Jam SummarizedExperiment Stats • jamses

Jam SummarizedExperiment Stats (jamses)

This package is under active development, these functions make up a core set of methods currently used across active Omics analysis projects. A summary of goals and relevant features are described below.

Full jamses command reference

Goals of jamses

The core goal is to make data analysis and visualization of SummarizedExperiment objects straightforward for common scenarios. It also accepts SingleCellExperiment and Seurat objects.

Define a design matrix using ~ 0 + group syntax, see below.
Define statistical contrasts to compare one or more factors, see groups_to_sedesign().
Plot contrasts as defined, see plot_sedesign().
Confirm design,contrast matrices are always in sync, see SEDesign-class.
Automate analysis of multiple contrasts, using limma/limmavoom/DEqMS, see se_contrast_stats().

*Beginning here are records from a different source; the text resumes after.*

(* Let $r$ and $k$ be positive integers with $r+k\equiv 0\pmod 2$ and $k\le r$, let $H$ be the complete graph with $V(H)=[r+k]$, and let $\mathbf{E}=(E_0,E_1,E_2)$ be an ordered partition of $E(H)$. If $|E_1|+2|E_2|<2(r+k-1)$, then $H$ contains a perfect matching which is also a good matching for $\mathbf{E}$.
   Context: $[m]=\{1,\dots,m\}$. An ordered partition $(E_0,E_1,E_2)$ of a set $X$ is a triple of pairwise disjoint (possibly empty) sets with union $X$. A matching $M$ of $H$ is a good matching for $\mathbf{E}=(E_0,E_1,E_2)$ if $M\cap E_2=\emptyset$ and $|M\cap E_1|\le 1$. *)

theory Defs
  imports Main
begin

definition complete_edges :: "'a set \<Rightarrow> 'a set set" where
  "complete_edges V = {e. e \<subseteq> V \<and> card e = 2}"

definition is_matching :: "'a set set \<Rightarrow> 'a set set \<Rightarrow> bool" where
  "is_matching E M \<longleftrightarrow> M \<subseteq> E \<and> (\<forall>e\<in>M. \<forall>f\<in>M. e \<noteq> f \<longrightarrow> e \<inter> f = {})"

definition is_perfect_matching :: "'a set \<Rightarrow> 'a set set \<Rightarrow> 'a set set \<Rightarrow> bool" where
  "is_perfect_matching V E M \<longleftrightarrow> is_matching E M \<and> \<Union>M = V"

definition ordered_partition3 :: "'a set \<Rightarrow> 'a set \<Rightarrow> 'a set \<Rightarrow> 'a set \<Rightarrow> bool" where
  "ordered_partition3 X E0 E1 E2 \<longleftrightarrow>
     E0 \<inter> E1 = {} \<and> E0 \<inter> E2 = {} \<and> E1 \<inter> E2 = {} \<and> E0 \<union> E1 \<union> E2 = X"

definition good_matching :: "'a set set \<Rightarrow> 'a set set \<Rightarrow> 'a set set \<Rightarrow> 'a set set \<Rightarrow> 'a set set \<Rightarrow> bool" where
  "good_matching E E0 E1 E2 M \<longleftrightarrow> is_matching E M \<and> M \<inter> E2 = {} \<and> card (M \<inter> E1) \<le> 1"

end

theory Submission
  imports Defs "HOL-Number_Theory.Cong"
begin

text \<open>
  For even \<open>N\<close>, the complete graph on \<open>{1..N}\<close> splits into \<open>N - 1\<close> perfect matchings
  (the round-robin 1-factorisation). Every edge lies in exactly one of them, so the total
  weight \<open>|E\<^sub>1| + 2|E\<^sub>2| < 2(N - 1)\<close> is shared among \<open>N - 1\<close> matchings and one of them
  has weight below 2: it avoids \<open>E\<^sub>2\<close> and meets \<open>E\<^sub>1\<close> at most once.
\<close>

lemma complete_edges_iff:
  "e \<in> complete_edges V \<longleftrightarrow> (\<exists>x y. e = {x, y} \<and> x \<noteq> y \<and> x \<in> V \<and> y \<in> V)"
  unfolding complete_edges_def card_2_iff by auto

lemma complete_edges_at:
  assumes "e \<in> complete_edges V" "x \<in> e"
  shows "\<exists>y. e = {x, y} \<and> y \<in> V - {x}"
  using assms unfolding complete_edges_iff by auto

lemma finite_complete_edges: "finite V \<Longrightarrow> finite (complete_edges V)"
  by (rule finite_subset[of _ "Pow V"]) (auto simp: complete_edges_def)

lemma colour_class_perfect_matching:
  fixes col :: "'a set \<Rightarrow> 'b"
  assumes proper: "\<And>x. x \<in> V \<Longrightarrow> inj_on (\<lambda>y. col {x, y}) (V - {x})"
    and present: "\<And>x. x \<in> V \<Longrightarrow> c \<in> (\<lambda>y. col {x, y}) ` (V - {x})"
  shows "is_perfect_matching V (complete_edges V) {e \<in> complete_edges V. col e = c}"
  unfolding is_perfect_matching_def is_matching_def
proof (intro conjI ballI impI)
  let ?M = "{e \<in> complete_edges V. col e = c}"
  show "?M \<subseteq> complete_edges V" by blast
  fix e f assume e: "e \<in> ?M" and f: "f \<in> ?M" and "e \<noteq> f"
  show "e \<inter> f = {}"
  proof (rule ccontr)
    assume "e \<inter> f \<noteq> {}"
    then obtain x where "x \<in> e" "x \<in> f" by blast
    moreover from this obtain y z where "e = {x, y}" "y \<in> V - {x}" "f = {x, z}" "z \<in> V - {x}"
      using e f complete_edges_at by (metis (no_types, lifting) mem_Collect_eq)
    moreover have "x \<in> V" using e \<open>x \<in> e\<close> unfolding complete_edges_def by blast
    ultimately have "y = z" using e f proper[of x] by (auto dest: inj_onD)
    then show False using \<open>e = {x, y}\<close> \<open>f = {x, z}\<close> \<open>e \<noteq> f\<close> by simp
  qed
next
  let ?M = "{e \<in> complete_edges V. col e = c}"
  have "x \<in> \<Union>?M" if "x \<in> V" for x
  proof -
    obtain y where "y \<in> V - {x}" "col {x, y} = c" using present[OF \<open>x \<in> V\<close>] by blast
    then have "{x, y} \<in> ?M" using \<open>x \<in> V\<close> unfolding complete_edges_iff by blast
    then show ?thesis by blast
  qed
  moreover have "\<Union>?M \<subseteq> V" unfolding complete_edges_def by blast
  ultimately show "\<Union>?M = V" by blast
qed

text \<open>
  Vertices \<open>1, \<dots>, N - 1\<close> are read modulo \<open>N - 1\<close>; the edge \<open>{x, y}\<close> among them gets colour
  \<open>x + y\<close>, and \<open>x\<close> is joined to the extra vertex \<open>N\<close> in colour \<open>2x\<close>, the one colour
  \<open>x\<close> would otherwise miss.
\<close>
definition round_robin_colour :: "nat \<Rightarrow> nat set \<Rightarrow> nat" where
  "round_robin_colour N e = (if N \<in> e then 2 * (\<Sum>e - N) else \<Sum>e) mod (N - 1)"

lemma round_robin_colour_apex:
  "y \<noteq> N \<Longrightarrow> round_robin_colour N {N, y} = (2 * y) mod (N - 1)"
  by (simp add: round_robin_colour_def)

lemma round_robin_colour_edge:
  "x \<noteq> N \<Longrightarrow> x \<noteq> y \<Longrightarrow>
    round_robin_colour N {x, y} = (x + (if y = N then x else y)) mod (N - 1)"
  by (auto simp: round_robin_colour_def mult_2)

lemma inj_on_mod_atLeastAtMost: "inj_on (\<lambda>y. y mod m) {1..m::nat}"
  by (rule inj_onI) (metis atLeastAtMost_iff le_neq_implies_less mod_less mod_self not_one_le_zero)

lemma round_robin_colour_inj_on:
  assumes "even N" "x \<in> {1..N}"
  shows "inj_on (\<lambda>y. round_robin_colour N {x, y}) ({1..N} - {x})"
proof (rule inj_onI)
  define m where "m = N - 1"
  have "odd m" using assms unfolding m_def by auto
  have residues: "y = z" if "y mod m = z mod m" "y \<in> {1..m}" "z \<in> {1..m}" for y z
    using inj_onD[OF inj_on_mod_atLeastAtMost that(1)] that(2,3) .
  fix y z assume y: "y \<in> {1..N} - {x}" and z: "z \<in> {1..N} - {x}"
    and eq: "round_robin_colour N {x, y} = round_robin_colour N {x, z}"
  show "y = z"
  proof (cases "x = N")
    case True
    then have "[2 * y = 2 * z] (mod m)"
      using eq y z by (simp add: round_robin_colour_apex cong_def m_def)
    then have "[y = z] (mod m)"
      using \<open>odd m\<close> by (simp add: cong_mult_lcancel_nat)
    then show ?thesis using True y z residues unfolding cong_def m_def by auto
  next
    case False
    define t where "t y = (if y = N then x else y)" for y
    have "[x + t y = x + t z] (mod m)"
      using eq y z False by (simp add: round_robin_colour_edge cong_def m_def t_def)
    then have "[t y = t z] (mod m)" by (simp only: cong_add_lcancel_nat)
    then have "t y mod m = t z mod m" unfolding cong_def .
    moreover have "t y \<in> {1..m}" "t z \<in> {1..m}"
      using y z False assms(2) unfolding t_def m_def by auto
    ultimately have "t y = t z" by (rule residues)
    then show ?thesis using y z unfolding t_def by (auto split: if_splits)
  qed
qed

lemma round_robin_colour_image:
  assumes "even N" "x \<in> {1..N}"
  shows "(\<lambda>y. round_robin_colour N {x, y}) ` ({1..N} - {x}) = {..<N - 1}"
proof (rule card_subset_eq)
  have "N \<ge> 2" using assms by auto
  then show "(\<lambda>y. round_robin_colour N {x, y}) ` ({1..N} - {x}) \<subseteq> {..<N - 1}"
    by (auto simp: round_robin_colour_def)
  show "card ((\<lambda>y. round_robin_colour N {x, y}) ` ({1..N} - {x})) = card {..<N - 1}"
    using card_image[OF round_robin_colour_inj_on[OF assms]] assms(2) by simp
qed simp

lemma round_robin_perfect_matching:
  assumes "even N" "c < N - 1"
  shows "is_perfect_matching {1..N} (complete_edges {1..N})
           {e \<in> complete_edges {1..N}. round_robin_colour N e = c}"
  using assms round_robin_colour_inj_on round_robin_colour_image
  by (intro colour_class_perfect_matching) auto

lemma sum_card_Int_disjoint_family_le:
  assumes "finite E" "\<And>i j. i \<noteq> j \<Longrightarrow> A i \<inter> A j = {}"
  shows "(\<Sum>i\<in>I. card (A i \<inter> E)) \<le> card E"
proof (cases "finite I")
  case True
  then have "(\<Sum>i\<in>I. card (A i \<inter> E)) = card (\<Union>i\<in>I. A i \<inter> E)"
    using assms by (subst card_UN_disjoint) auto
  also have "\<dots> \<le> card E" using assms(1) by (intro card_mono) auto
  finally show ?thesis .
qed simp

lemma disjoint_family_light_member:
  assumes "finite E1" "finite E2" "\<And>i j. i \<noteq> j \<Longrightarrow> A i \<inter> A j = {}"
    and "card E1 + 2 * card E2 < 2 * m"
  shows "\<exists>c<m. A c \<inter> E2 = {} \<and> card (A c \<inter> E1) \<le> 1"
proof (rule ccontr)
  assume no_light: "\<not> ?thesis"
  have "2 \<le> card (A c \<inter> E1) + 2 * card (A c \<inter> E2)" if "c < m" for c
  proof (cases "A c \<inter> E2 = {}")
    case True
    then show ?thesis using no_light that by auto
  next
    case False
    then have "card (A c \<inter> E2) \<ge> 1" using assms(2) by (simp add: Suc_le_eq card_gt_0_iff)
    then show ?thesis by linarith
  qed
  then have "(\<Sum>c<m. 2) \<le> (\<Sum>c<m. card (A c \<inter> E1) + 2 * card (A c \<inter> E2))"
    by (intro sum_mono) simp
  then have "2 * m \<le> (\<Sum>c<m. card (A c \<inter> E1)) + 2 * (\<Sum>c<m. card (A c \<inter> E2))"
    by (simp add: sum.distrib sum_distrib_left mult.commute)
  also have "\<dots> \<le> card E1 + 2 * card E2"
    using sum_card_Int_disjoint_family_le[OF assms(1,3)] sum_card_Int_disjoint_family_le[OF assms(2,3)]
    by (intro add_le_mono mult_le_mono2)
  finally show False using assms(4) by simp
qed

theorem lemma11:
  fixes r k :: nat and E0 E1 E2 :: "nat set set"
  assumes "r > 0" and "k > 0" and "even (r + k)" and "k \<le> r"
    and "ordered_partition3 (complete_edges {1..r+k}) E0 E1 E2"
    and "card E1 + 2 * card E2 < 2 * (r + k - 1)"
  shows "\<exists>M. is_perfect_matching {1..r+k} (complete_edges {1..r+k}) M
             \<and> good_matching (complete_edges {1..r+k}) E0 E1 E2 M"
proof -
  define N where "N = r + k"
  define A where "A c = {e \<in> complete_edges {1..N}. round_robin_colour N e = c}" for c
  have "E1 \<subseteq> complete_edges {1..N}" "E2 \<subseteq> complete_edges {1..N}"
    using assms(5) unfolding ordered_partition3_def N_def by auto
  then have "finite E1" "finite E2"
    using finite_complete_edges finite_subset by blast+
  moreover have "A i \<inter> A j = {}" if "i \<noteq> j" for i j using that unfolding A_def by auto
  ultimately obtain c where "c < N - 1" "A c \<inter> E2 = {}" "card (A c \<inter> E1) \<le> 1"
    using disjoint_family_light_member assms(6) unfolding N_def by blast
  moreover have "is_perfect_matching {1..N} (complete_edges {1..N}) (A c)"
    unfolding A_def using round_robin_perfect_matching assms(3) \<open>c < N - 1\<close> N_def by blast
  ultimately show ?thesis
    unfolding good_matching_def is_perfect_matching_def N_def by blast
qed

end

Convenient “short hand” for contrasts, see contrasts2comp().

 (B_treated-B_control)-(A_treated-A_control)
 # "comp" format:
 B-A:treated-control

Integrate with other tools.
- venndir::venndir() - see Github "jmw86069/venndir" to create directional Venn diagrams.

Approach for Statistical Contrasts

The Limma User’s Guide (LUG) is an amazing resource which describes alternate approaches for one-way and two-way contrasts, which are mathematically equivalent. For a more thorough discussion please review these approaches to confirm that ~0 + x is mathematically identical to ~ x, and only differs in how estimates are reported.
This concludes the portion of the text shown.